С. Уолмслей Коуэн начал одну из своих зажигательных речей, от которых мужество служащих должно было подняться, как ртуть в термометре на свечке.
— Друзья, — сказал он, барабаня по столу, — когда приходит случай, он не всегда стучится в дверь. Не надо колебаться! Кто колеблется, тот пропал. Возможно, конечно, что кроткие наследуют землю, но это будет лишь тогда, когда перемрут все смелые. Не прячьте светильника своего под спудом; не загоняйте своих идей в сокровенные уголки мозга. Вытаскивайте их наружу! Ведь не станете же вы носить брильянтовое кольцо под рубашкой. Не стыдитесь, не стесняйтесь своих идей. Ловите случай, когда он приходит. Никто не будет его ловить для вас; идите сами ловите его. Если у вас возникает некий импульс, обдумайте его. Если он кажется вам хорошим, нужным, повинуйтесь ему. Понимаете? Повинуйтесь ему! Не бойтесь! Делайте, что вам угодно, но действуйте, ради всего святого, действуйте!
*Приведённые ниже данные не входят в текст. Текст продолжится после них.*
lemma contr_wedge_interior_interior_eq_zero:
  assumes ginv_sym: "\<forall>i<n. \<forall>j<n. ginv i j = ginv j i"
    and hom: "\<forall>L. is_homogeneous k (\<Phi> L)" and "even k" "k > 0"
    and vanish: "\<forall>X Z. contr_wedge n ginv (\<lambda>L. interior n X (\<Phi> L)) (\<lambda>L. interior n Z (\<Phi> L))
                        = (\<lambda>_. 0)"
  shows "contr_wedge n ginv (\<lambda>L. interior n Y (interior n X (\<Phi> L))) (\<lambda>L. interior n Z (\<Phi> L))
    = (\<lambda>_. 0)"
proof
  fix K
  define T where "T X Y Z =
    contr_wedge n ginv (\<lambda>L. interior n Y (interior n X (\<Phi> L))) (\<lambda>L. interior n Z (\<Phi> L)) K"
    for X Y Z
  have "T X Y Z = T Z Y X" for X Y Z
    unfolding T_def by (rule contr_wedge_interior_interior_swap[OF assms])
  moreover have "T X Y Z = - T Y X Z" for X Y Z
  proof -
    have "(\<lambda>L. interior n Y (interior n X (\<Phi> L))) = (\<lambda>L K. - interior n X (interior n Y (\<Phi> L)) K)"
      by (intro ext) (rule interior_interior)
    then show ?thesis
      by (simp add: T_def contr_wedge_uminus_left)
  qed
  ultimately have "T X Y Z = 0"
    by (rule sym_antisym_triple_eq_zero[of T])
  then show "contr_wedge n ginv (\<lambda>L. interior n Y (interior n X (\<Phi> L))) (\<lambda>L. interior n Z (\<Phi> L)) K
      = 0"
    by (simp add: T_def)
qed

theorem mainTheorem10:
  fixes n :: nat and g ginv :: "nat \<Rightarrow> nat \<Rightarrow> real" and F :: form
  assumes "nondeg_metric_with_inverse n g ginv"
    and "is_kform n 5 F"
    and "\<forall>X Y. contr_wedge n ginv (\<lambda>L. interior n X (F_idx n F L))
                                   (\<lambda>L. interior n Y (F_idx n F L)) = (\<lambda>_. 0)"
    and "\<forall>X. contr_wedge n ginv (\<lambda>L. interior n X (F_idx n F L)) (F_idx n F) = (\<lambda>_. 0)"
  shows "(\<forall>X Y. contr_wedge n ginv (\<lambda>L. interior n Y (interior n X (F_idx n F L))) (F_idx n F)
                 = (\<lambda>_. 0))
       \<and> (\<forall>X Y Z. contr_wedge n ginv
                 (\<lambda>L. interior n Z (interior n Y (interior n X (F_idx n F L)))) (F_idx n F)
                 = (\<lambda>_. 0))"
proof -
  have ginv_sym: "\<forall>i<n. \<forall>j<n. ginv i j = ginv j i"
    using inverse_metric_sym[OF assms(1)] by blast
  have "is_homogeneous 5 F"
    using assms(2) by (simp add: is_kform_def is_homogeneous_def)
  then have hom4: "\<forall>L. is_homogeneous 4 (F_idx n F L)"
    using is_homogeneous_interior unfolding F_idx_def by fastforce
  have hom3: "\<forall>L. is_homogeneous 3 (interior n X (F_idx n F L))" for X
    using hom4 is_homogeneous_interior by fastforce
  have hom2: "\<forall>L. is_homogeneous 2 (interior n Y (interior n X (F_idx n F L)))" for X Y
    using hom3 is_homogeneous_interior by fastforce
  have first: "contr_wedge n ginv (\<lambda>L. interior n Y (interior n X (F_idx n F L))) (F_idx n F)
      = (\<lambda>_. 0)" for X Y
    using contr_wedge_interior_left_eq_zero[OF hom3] assms(3,4) by blast
  have mixed: "contr_wedge n ginv (\<lambda>L. interior n Y (interior n X (F_idx n F L)))
      (\<lambda>L. interior n Z (F_idx n F L)) = (\<lambda>_. 0)" for X Y Z
    using contr_wedge_interior_interior_eq_zero[OF ginv_sym hom4] assms(3) by simp
  have second: "contr_wedge n ginv
      (\<lambda>L. interior n Z (interior n Y (interior n X (F_idx n F L)))) (F_idx n F) = (\<lambda>_. 0)"
    for X Y Z
    by (rule contr_wedge_interior_left_eq_zero[OF hom2 first mixed])
  show ?thesis
    using first second by blast
qed

end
Мистер Коуэн славился своими речами. Даже Горас Ниммс забыл о своём ужасном падении, пока экстраординарный эксперт провозглашал своё евангелие активности.
Но когда окончилось собрание, тихая грусть охватила сердце маленького кассира, и он, как автомат, спустился в метрополитен. Он съел хлебный пудинг, не почувствовав его вкуса, и попробовал помечтать вместе с Полли о том, что когда-нибудь у них тоже будет собственный коттэдж на Лонг-Айленде. У него не хватало духу рассказать ей о случившемся, да и сам он плохо понимал, что, собственно, случилось.
Утром он старался думать, что всё это шутка; ну, конечно, мистер Коуэн пошутил. Но, подойдя к своей клетке, он увидел, что другой человек занимает храм сложения и вычитания.
Он робко подёргал стальные прутья двери. Человек обернулся.
— Вам чего надо? — воинственно спросил он.
Горас Ниммс узнал отвисшую челюсть Гуса, служителя при лифте.
С болью в душе отошёл Горас. В голове стучала одна мысль: он должен служить, должен занимать какое-то место, любое место. Много ли можно отложить на чёрный день, живя на сорок долларов? Он и представить себе не мог, что можно работать где-то помимо «Объединённой мыльной кооперации». Поэтому, сам хорошенько не зная, как это случилось, он скоро облачился в сине-серую форму служителя при лифте. Всё утро ездил он вверх и вниз в своей клетке: двадцать этажей вверх — двадцать вниз, двадцать вверх — двадцать вниз. И ему вспомнилась песня о рубашке, которую шьёт проворная игла.
В полдень он остановил клетку на восемнадцатом этаже и принял двух пассажиров. Горас сразу узнал их. Один был Джим Райт, помощник председателя Гаммера, другой — мистер Перрин, заведующий западным отделением. Они оживлённо беседовали.
— У этого парня броня, как у черепахи, и повадки гремучей змеи, — говорил мистер Перрин.
— Не забывайте, — напомнил Райт, — что он знаменитый авторитетный эксперт. Хозяин верит ему во всём.
— Ну, он перестал бы верить так слепо, узнав, что он посадил служителя при лифте на место кассира. Я слышал, что новый кассир, не проработав и часа, положил в карман шесть тысяч долларов и исчез.
Горас навострил уши и поставил регулятор на самый тихий ход.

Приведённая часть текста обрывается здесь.